Findy, the app bold enough to take on search monopolist Google

Findy, the first and only smart mobile browser for consumers, has announced plans to take back your rights to decentralize web search – by taking on a little company called Google.

Findy co-founders Aaron Rosenthal and Jason Phillips saw an opportunity to declutter and un-sponsor the web experience, refining the way users search, explore, and discover. “We reverse-engineered the Internet,” said Rosenthal in a statement. “And Google is gonna hate us.”

Powered by community-driven AI, the result is a robust, distraction-free browsing experience that allows users to discover and consume content like never before. “Not sure why someone has not done this before,” reads a user review. Another reads, “How did I ever live without this app?”

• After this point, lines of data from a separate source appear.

lemma right_ideal_gen_mult:
  assumes M: "monoid M" and C: "C \<subseteq> carrier M" and y: "y \<in> right_ideal_gen M C" and t: "t \<in> carrier M"
  shows "y \<otimes>\<^bsub>M\<^esub> t \<in> right_ideal_gen M C"
proof -
  obtain c s where cs: "c \<in> C" "s \<in> carrier M" "y = c \<otimes>\<^bsub>M\<^esub> s"
    using y unfolding right_ideal_gen_def by blast
  then have "y \<otimes>\<^bsub>M\<^esub> t = c \<otimes>\<^bsub>M\<^esub> (s \<otimes>\<^bsub>M\<^esub> t)" "s \<otimes>\<^bsub>M\<^esub> t \<in> carrier M"
    using C t by (auto simp: monoid.m_assoc[OF M] monoid.m_closed[OF M])
  with cs(1) show ?thesis
    unfolding right_ideal_gen_def by blast
qed

lemma right_ideal_gen_incl: "monoid M \<Longrightarrow> C \<subseteq> carrier M \<Longrightarrow> C \<subseteq> right_ideal_gen M C"
  unfolding right_ideal_gen_def by (force simp: monoid.r_one monoid.one_closed)

lemma right_ideal_gen_subset:
  assumes M: "monoid M" and D: "D \<subseteq> carrier M" and "C \<subseteq> right_ideal_gen M D"
  shows "right_ideal_gen M C \<subseteq> right_ideal_gen M D"
  using assms right_ideal_gen_mult[OF M D] unfolding right_ideal_gen_def[of M C] by blast

lemma right_annihilator_right_congruence:
  assumes M: "monoid M" and a: "a \<in> carrier M"
  shows "right_congruence M (carrier M) (right_mult M) (right_annihilator M a)"
proof (rule right_congruenceI)
  fix s t u assume "(s, t) \<in> right_annihilator M a" "u \<in> carrier M"
  then show "(s \<otimes>\<^bsub>M\<^esub> u, t \<otimes>\<^bsub>M\<^esub> u) \<in> right_annihilator M a"
    using a unfolding right_annihilator_def
    by (simp add: monoid.m_closed[OF M] monoid.m_assoc[OF M, symmetric])
qed (auto simp: right_annihilator_def)

lemma kernel_rel_free_hom_right_mult:
  "((i, s), (j, t)) \<in> kernel_rel (free_act_carrier M n) (free_hom (right_mult M) x) \<longleftrightarrow>
    i < n \<and> j < n \<and> s \<in> carrier M \<and> t \<in> carrier M \<and> x i \<otimes>\<^bsub>M\<^esub> s = x j \<otimes>\<^bsub>M\<^esub> t"
  unfolding kernel_rel_def free_act_carrier_def free_hom_def by auto

lemma kernel_rel_free_hom_right_mult_mem:
  assumes "(p, q) \<in> kernel_rel (free_act_carrier M n) (free_hom (right_mult M) x)"
  shows "free_hom (right_mult M) x p \<in> principal_right_ideal M (x (fst p)) \<inter> principal_right_ideal M (x (fst q))"
  using assms unfolding kernel_rel_def free_act_carrier_def free_hom_def right_ideal_gen_def by force

lemma right_congruence_kernel_rel_crossing:
  assumes M: "monoid M" and x: "\<forall>i<n. x i \<in> carrier M"
    and J: "\<And>y u. y \<in> J \<Longrightarrow> u \<in> carrier M \<Longrightarrow> y \<otimes>\<^bsub>M\<^esub> u \<in> J"
  defines "K \<equiv> kernel_rel (free_act_carrier M n) (free_hom (right_mult M) x)"
  shows "right_congruence M (free_act_carrier M n) (free_action M)
    {(p, q). (p, q) \<in> K \<and> (fst p = fst q \<or> free_hom (right_mult M) x p \<in> J)}"
    (is "right_congruence M ?F _ ?\<rho>")
proof -
  let ?\<pi> = "free_hom (right_mult M) x"
  have hom: "act_hom M ?F (free_action M) (carrier M) (right_mult M) ?\<pi>"
    using x by (intro act_hom_free_hom right_act_right_mult M) simp
  have K: "right_congruence M ?F (free_action M) K"
    unfolding K_def by (rule right_congruence_kernel_rel[OF free_action_closed[OF M] hom])
  show ?thesis
  proof (rule right_congruenceI)
    fix p q u assume "(p, q) \<in> ?\<rho>" and u: "u \<in> carrier M"
    then have pq: "(p, q) \<in> K" and alt: "fst p = fst q \<or> ?\<pi> p \<in> J"
      by auto
    then have "?\<pi> (free_action M p u) = ?\<pi> p \<otimes>\<^bsub>M\<^esub> u"
      using u act_hom_act[OF hom] unfolding K_def kernel_rel_def by simp
    then have "fst (free_action M p u) = fst (free_action M q u) \<or> ?\<pi> (free_action M p u) \<in> J"
      using alt J[OF _ u] by (auto simp: free_action_def)
    with right_congruence_compat[OF K pq u] show "(free_action M p u, free_action M q u) \<in> ?\<rho>"
      by blast
  next
    fix p assume "p \<in> ?F"
    then show "(p, p) \<in> ?\<rho>"
      using right_congruence_refl[OF K] by simp
  next
    fix p q assume "(p, q) \<in> ?\<rho>"
    then show "(q, p) \<in> ?\<rho>"
      using right_congruence_sym[OF K] unfolding K_def kernel_rel_def by auto
  next
    fix p q r assume "(p, q) \<in> ?\<rho>" "(q, r) \<in> ?\<rho>"
    then show "(p, r) \<in> ?\<rho>"
      using right_congruence_trans[OF K] unfolding K_def kernel_rel_def by auto
  qed (use right_congruence_subset[OF K] in auto)
qed

lemma kernel_rel_crossing:
  assumes M: "monoid M" and x: "\<forall>i<n. x i \<in> carrier M"
    and H: "kernel_rel (free_act_carrier M n) (free_hom (right_mult M) x) =
      gen_right_congruence M (free_act_carrier M n) (free_action M) H"
    and pq: "(p, q) \<in> kernel_rel (free_act_carrier M n) (free_hom (right_mult M) x)" "fst p \<noteq> fst q"
  shows "free_hom (right_mult M) x p \<in>
    right_ideal_gen M {free_hom (right_mult M) x p' | p' q'. (p', q') \<in> H \<and> fst p' \<noteq> fst q'}"
proof -
  let ?F = "free_act_carrier M n" and ?\<pi> = "free_hom (right_mult M) x"
  let ?K = "kernel_rel ?F ?\<pi>" and ?C = "{?\<pi> p' | p' q'. (p', q') \<in> H \<and> fst p' \<noteq> fst q'}"
  have H_K: "H \<subseteq> ?K"
    unfolding H by (rule gen_right_congruence_incl)
  have C: "?C \<subseteq> carrier M"
    using H_K x unfolding kernel_rel_def free_act_carrier_def free_hom_def
    by (force simp: monoid.m_closed[OF M])
  let ?\<rho> = "{(p, q). (p, q) \<in> ?K \<and> (fst p = fst q \<or> ?\<pi> p \<in> right_ideal_gen M ?C)}"
  have "H \<subseteq> ?\<rho>"
  proof
    fix h assume h: "h \<in> H"
    obtain p' q' where h_eq: "h = (p', q')"
      by (cases h)
    have "fst p' \<noteq> fst q' \<Longrightarrow> ?\<pi> p' \<in> ?C"
      using h unfolding h_eq by blast
    then show "h \<in> ?\<rho>"
      using h H_K right_ideal_gen_incl[OF M C] unfolding h_eq by auto
  qed
  then have "?K \<subseteq> ?\<rho>"
    unfolding H using right_congruence_kernel_rel_crossing[OF M x right_ideal_gen_mult[OF M C]]
    by (intro gen_right_congruence_least) (simp_all add: H)
  with pq show ?thesis
    by auto
qed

With the ability to digest hundreds of web pages at once, Findy simultaneously searches classified sites such as Craigslist, eBay, LetGo, and OfferUp to deliver the most accurate, real-time results in an easy-to-manage, “Pinterest-like” structure. But unlike Craigslist, Google, or Pinterest, you’re not seeing ads, duplicates, scams, or sponsored results. And the real kicker? Findy doesn’t want your data. At all.

Here’s what Findy does:

• Searches thousands of sites and marketplace listings at once.
• Eliminates ads, duplicates, and sponsored results.
• Enables faster content while your data remains private on your device.
• Community-powered means it gets smarter and faster as more users engage.
• Deep links allow you to search across your favorite apps.
• Start, stop, and re-engage your searches at any time.

In an that’s industry controlled 90% by Google, Findy gives users an unbiased search option. “Some would consider this control a monopoly,” Phillips continued. “But we see this as an opportunity, and we have the data to prove it.”

About Findy:
Findy is the world’s first search engine powered by your phone, bridging websites and apps together to make it easy to find what you want – search results that adapt to your choices, tastes, and interactions. Findy eliminates the extra work of having to hop from site-to-site and provides centralized results free of ads and duplicates.

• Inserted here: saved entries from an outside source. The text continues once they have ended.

lemma top_payments_less_if_below_eprice:
  assumes i: "1 \<le> i" "i \<le> m - 2" and \<sigma>: "\<forall>r\<in>rankings C. 0 \<le> \<sigma> r \<and> \<sigma> r \<le> 1"
    and \<rho>: "0 \<le> \<rho>" "ereal \<rho> < eprice i"
  shows "(\<Sum>r\<in>rankings C. \<sigma> r * min (\<rho> * b 1 r * real (m - i)) (b i r)) < 2 * real (m - i)"
proof -
  have k: "card (remaining i) = m + 1 - i" "2 \<le> m + 1 - i" "real (m + 1 - i) - 1 = real (m - i)"
    using card_remaining[OF i(1)] i by (auto simp: of_nat_diff)
  have b: "\<forall>r\<in>rankings C. 0 \<le> b 1 r \<and> 0 \<le> b i r"
    using b1_nonneg b_bounds(1)[OF i(1)] i(2) by auto
  have "total_pay C (b 1) (b i) (remaining i) y \<rho> < real (m + 1 - i) - 1" if y: "y \<in> remaining i" for y
  proof -
    have "ereal \<rho> < rho C (b 1) (b i) (remaining i) i y"
      using \<rho>(2) eprice_le_rho[OF i y] by simp
    moreover have "real i < real m" using i by simp
    ultimately show ?thesis
      using total_pay_less_if_less_rho[of C "b i" i \<rho>] b \<rho>(1) k(3) i by (simp add: of_nat_diff)
  qed
  then show ?thesis
    using weighted_top_payments_less[OF finite_C remaining_subset k(1,2) b \<sigma> \<rho>(1)] k(3) by simp
qed

lemma eprice_le_inverse:
  assumes i: "1 \<le> i" "i \<le> m - 3" and total: "total_budget i = real ((m + 1 - i) choose 2)"
  shows "eprice i \<le> ereal (1 / real (m - i))"
proof (rule ccontr)
  assume "\<not> ?thesis"
  then have "(\<Sum>r\<in>rankings C. 1 * min (1 / real (m - i) * b 1 r * real (m - i)) (b i r))
      < 2 * real (m - i)"
    using i by (intro top_payments_less_if_below_eprice) auto
  moreover have "min (1 / real (m - i) * b 1 r * real (m - i)) (b i r) = b i r" if "r \<in> rankings C" for r
    using b_bounds(2)[OF i(1) _ that] i by simp
  ultimately have "real (m + 1 - i) * real (m - i) / 2 < 2 * real (m - i)"
    using total i unfolding total_budget_def by (simp add: real_choose_two)
  moreover have "4 * real (m - i) \<le> real (m + 1 - i) * real (m - i)"
    using i by (intro mult_right_mono) auto
  ultimately show False by linarith
qed

lemma eprice_le_one_if_three_left:
  assumes total: "total_budget (m - 2) = 3"
  shows "eprice (m - 2) \<le> ereal 1"
proof -
  define X where "X = remaining (m - 2)"
  have i: "1 \<le> m - 2" "m - 2 \<le> m - 2" using four_le_card by auto
  have X: "card X = 3" "finite X"
    unfolding X_def using card_remaining[OF i(1)] four_le_card finite_subset[OF remaining_subset finite_C]
    by auto
  have b: "\<forall>r\<in>rankings C. 0 \<le> b (m - 2) r \<and> b (m - 2) r \<le> b 1 r"
    using b_bounds[OF i(1)] by auto
  have "bij_betw (\<lambda>x. uX r x X) X {..<3}" if "r \<in> rankings C" for r
    using bij_betw_uX[of r X] rankingsD[OF that] remaining_subset X unfolding X_def by auto
  then obtain x where x: "x \<in> X" "2 \<le> (\<Sum>r\<in>rankings C. min (b (m - 2) r) (real (uX r x X)))"
    using three_candidates_affordable[OF finite_rankings_C X(1), of "\<lambda>r x. uX r x X" "b (m - 2)"]
      b total unfolding total_budget_def by auto
  moreover have "total_pay C (b 1) (b (m - 2)) X x 1
      = (\<Sum>r\<in>rankings C. min (b (m - 2) r) (real (uX r x X)))"
    by (rule total_pay_one[OF b])
  moreover have "real m - real (m - 2) = 2" using four_le_card by (simp add: of_nat_diff)
  ultimately have "real m - real (m - 2) \<le> total_pay C (b 1) (b (m - 2)) X x 1" by linarith
  then have "rho C (b 1) (b (m - 2)) X (m - 2) x \<le> ereal 1"
    using b four_le_card by (intro rho_le_if_total_pay_ge) auto
  moreover have "eprice (m - 2) \<le> rho C (b 1) (b (m - 2)) X (m - 2) x"
    using eprice_le_rho[OF i] x(1) unfolding X_def by blast
  ultimately show ?thesis by (rule order_trans[rotated])
qed

lemma eprice_eq_price_if_total_budget:
  assumes i: "1 \<le> i" "i \<le> m - 2" and total: "total_budget i = real ((m + 1 - i) choose 2)"
  shows "eprice i = ereal (price i)"
proof -
  have "eprice i \<noteq> \<infinity>"
  proof (cases "i \<le> m - 3")
    case True
    then show ?thesis using eprice_le_inverse[OF i(1) True total] by auto
  next
    case False
    then have "i = m - 2" "m + 1 - i = 3" using i by auto
    moreover have "real (3 choose 2) = 3" by (simp add: real_choose_two)
    ultimately show ?thesis using eprice_le_one_if_three_left total by auto
  qed
  then show ?thesis unfolding price_def using eprice_nonneg[of i] by (cases "eprice i") auto
qed

lemma total_budget_eq:
  assumes "1 \<le> i" "i \<le> m - 1"
  shows "total_budget i = real ((m + 1 - i) choose 2)"
  using assms
proof (induction i rule: nat_induct_at_least)
  case base
  show ?case using R_sum unfolding total_budget_def b_1 by (simp add: sum_distrib_right[symmetric])
next
  case (Suc i)
  then have i: "1 \<le> i" "i \<le> m - 2" and total: "total_budget i = real ((m + 1 - i) choose 2)"
    by auto
  have "total_budget (Suc i) = real ((m + 1 - i) choose 2) - (real m - real i)"
    using total_budget_Suc[OF i eprice_eq_price_if_total_budget[OF i total]] total by simp
  also have "\<dots> = real ((m + 1 - Suc i) choose 2)"
    using i by (simp add: real_choose_two of_nat_diff field_simps)
  finally show ?case .
qed

lemma eprice_eq_price: "1 \<le> i \<Longrightarrow> i \<le> m - 2 \<Longrightarrow> eprice i = ereal (price i)"
  using eprice_eq_price_if_total_budget total_budget_eq by simp

lemma price_nonneg: "0 \<le> price i"
  unfolding price_def using eprice_nonneg[of i] by (cases "eprice i") auto

lemma price_le_inverse:
  assumes "1 \<le> i" "i \<le> m - 3"
  shows "price i \<le> 1 / real (m - i)"
  using eprice_le_inverse[OF assms total_budget_eq] eprice_eq_price assms by simp

lemma pay_le_price:
  assumes "1 \<le> i" "i \<le> m - 2"
  shows "pay i r \<le> price i * b 1 r * real (uX r (chosen i) (remaining i))"
  using pay_ereal[OF eprice_eq_price[OF assms]] by simp

lemma top_payments_less_if_below_price:
  assumes i: "1 \<le> i" "i \<le> m - 2" and \<sigma>: "\<forall>r\<in>rankings C. 0 \<le> \<sigma> r \<and> \<sigma> r \<le> 1"
    and \<rho>: "0 \<le> \<rho>" "\<rho> < price i"
  shows "(\<Sum>r\<in>rankings C. \<sigma> r * min (\<rho> * b 1 r * real (m - i)) (b i r)) < 2 * real (m - i)"
  using top_payments_less_if_below_eprice[OF i \<sigma> \<rho>(1)] \<rho>(2) eprice_eq_price[OF i] by simp

text \<open>At price 2 / B, below price i, every voter could spend the fraction 2 (m - i) / B of her
  weighted budget on her first choice, which the averaging bound excludes.\<close>

lemma price_mult_weighted_budget_le:
  assumes i: "1 \<le> i" "i \<le> m - 3" and \<sigma>: "\<forall>r\<in>rankings C. 0 \<le> \<sigma> r \<and> \<sigma> r \<le> 1"
  shows "price i * (\<Sum>r\<in>rankings C. \<sigma> r * b i r) \<le> 2"
proof (rule ccontr)
  define B where "B = (\<Sum>r\<in>rankings C. \<sigma> r * b i r)"
  define k where "k = real (m - i)"
  assume "\<not> price i * (\<Sum>r\<in>rankings C. \<sigma> r * b i r) \<le> 2"
  then have more: "2 < price i * B" unfolding B_def by simp
  have k: "3 \<le> k" unfolding k_def using i by simp
  have "0 \<le> B" unfolding B_def using \<sigma> b_bounds(1)[OF i(1)] i by (intro sum_nonneg) auto
  then have B: "0 < B" using more by (cases "B = 0") auto
  have "price i \<le> 1 / k" unfolding k_def by (rule price_le_inverse[OF i])
  then have "k * price i \<le> 1" using k by (simp add: field_simps)
  then have "k * (price i * B) \<le> B" using B mult_right_mono[of "k * price i" 1 B] by simp
  moreover have "k * 2 < k * (price i * B)" using mult_strict_left_mono[OF more, of k] k by simp
  ultimately have "2 * k < B" by linarith
  then have scale: "0 \<le> 2 * k / B" "2 * k / B \<le> 1" using B k by (auto simp: field_simps)
  have "(\<Sum>r\<in>rankings C. \<sigma> r * min (2 / B * b 1 r * k) (b i r)) < 2 * k"
    unfolding k_def using i \<sigma> B more by (intro top_payments_less_if_below_price) (auto simp: field_simps)
  moreover have "2 * k / B * (\<sigma> r * b i r) \<le> \<sigma> r * min (2 / B * b 1 r * k) (b i r)"
    if r: "r \<in> rankings C" for r
  proof -
    have b: "0 \<le> b i r" "b i r \<le> b 1 r" using b_bounds[OF i(1) _ r] i by auto
    have "2 * k / B * b i r \<le> 2 / B * b 1 r * k"
      using mult_left_mono[OF b(2) scale(1)] by (simp add: field_simps)
    moreover have "2 * k / B * b i r \<le> b i r" using scale b by (intro mult_left_le_one_le)
    ultimately have "2 * k / B * b i r \<le> min (2 / B * b 1 r * k) (b i r)" by simp
    then have "\<sigma> r * (2 * k / B * b i r) \<le> \<sigma> r * min (2 / B * b 1 r * k) (b i r)"
      using \<sigma> r by (intro mult_left_mono) auto
    then show ?thesis by (simp only: mult.left_commute)
  qed
  then have "2 * k / B * B \<le> (\<Sum>r\<in>rankings C. \<sigma> r * min (2 / B * b 1 r * k) (b i r))"
    unfolding B_def sum_distrib_left by (intro sum_mono)
  ultimately show False using B by simp
qed

lemma uX_chosen_le:
  assumes "1 \<le> i" "i \<le> m"
  shows "real (uX r (chosen i) (remaining i)) \<le> real (m - i)"
proof -
  have "uX r (chosen i) (remaining i) \<le> card (remaining i) - 1"
    using uX_le[OF finite_subset[OF remaining_subset finite_C] chosen_in_remaining[OF assms]] .
  then show ?thesis using card_remaining[OF assms(1)] assms by simp
qed

lemma M_le_early:
  assumes "i \<le> m div 4"
  shows "M \<le> real (m - i) * (real (m - i) - 1)"
proof -
  have "M \<le> real (m - m div 4) * (real (m - m div 4) - 1)"
    using card_le_twice_choose_two_three_quarters[OF four_le_card] by (simp add: real_choose_two)
  also have "\<dots> \<le> real (m - i) * (real (m - i) - 1)"
    using assms four_le_card by (intro mult_mono) auto
  finally show ?thesis .
qed

lemma price_le_if_budgets_large:
  assumes i: "1 \<le> i" "i \<le> m - 2" and M_le: "M \<le> real (m - i) * (real (m - i) - 1)"
    and large: "\<forall>r\<in>rankings C. R r * ((real (m - i) + 1) * real (m - i) - M) \<le> b i r"
  shows "price i \<le> 2 / M"
proof (rule ccontr)
  define k where "k = real (m - i)"
  assume "\<not> price i \<le> 2 / M"
  then have "(\<Sum>r\<in>rankings C. 1 * min (2 / M * b 1 r * k) (b i r)) < 2 * k"
    unfolding k_def using i M_pos by (intro top_payments_less_if_below_price) auto
  moreover have "R r * (2 * k) \<le> 1 * min (2 / M * b 1 r * k) (b i r)" if r: "r \<in> rankings C" for r
  proof -
    have "R r * (2 * k) \<le> R r * ((k + 1) * k - M)"
      using M_le R_nonneg r unfolding k_def by (intro mult_left_mono) (auto simp: algebra_simps)
    also have "\<dots> \<le> b i r" using large r unfolding k_def by simp
    finally have "R r * (2 * k) \<le> b i r" .
    moreover have "2 / M * b 1 r * k = R r * (2 * k)" using M_pos unfolding b_1 by simp
    ultimately show ?thesis by simp
  qed
  then have "(\<Sum>r\<in>rankings C. R r) * (2 * k) \<le> (\<Sum>r\<in>rankings C. 1 * min (2 / M * b 1 r * k) (b i r))"
    unfolding sum_distrib_right by (intro sum_mono)
  ultimately show False using R_sum by simp
qed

Findy is available on iOS and Android in North America with plans to expand worldwide. More information and download link via Apple’s App Store here.

MacDailyNews Take: Anything that helps to decentralize web search and provide some competition for Google’s search empire is a good thing.

Give Findy a whirl and see how it works for you.


  1. So, this is a press release, right?
    Also, if we’re pushing all of this private information through this app, what kind of background do the developers have? Whats their business model, if they aren’t doing ads?
    I read the privacy policy, and it seems like there’s a lot of wiggle room for what kinds of things they can do with the data they collect. I mean: “Findy doesn’t want your data. At all.” The problem is, it doesn’t matter what they say they “want.” To make this service function, they ARE going to get a lot of data. That could be fine, or it could be a problem.
    The marketing speak in the press release above is a bit over-the-top and makes me nervous:
    – “take back your rights to decentralize web search” Huh? We have a right to decentralize web search? I like the idea, but it seems like an oddly-specific “right.” Perhaps this is a piece of what I believe is a right to privacy generally?
    – “Powered by community-driven AI” – so, if the community is driving this, the choices users make must be going somewhere to be shared to others. That’s data collection. Again, it might be fine, but it seems weird to claim they “don’t want your data” when they absolutely DO need the data of what you choose.
    – “provides centralized results” – is this in opposition to our “rights to decentralize web search” ?

    Basically, this sounds like an interesting concept, but it seems like the PR is big on wonderful-sounding phrases and low on “how we actually do this” explanations.

  2. Quite bold of MDN to bite the hand that feeds it. How many Google trackers are you using now?

    Eliminate the Google Analytics and Google AdSense infesting this site and then you might have the moral basis to speak out. Hypocrites.

  3. Let’s say that the App is the Panacea it’s intended to be.
    It’s possible because of Android’s open access and Google couldn’t forbid it if they wanted to.
    If Google behaved like Apple, this App duplicates functionality and would have been forbidden.
    It’s up to the user to determine if it’s any good.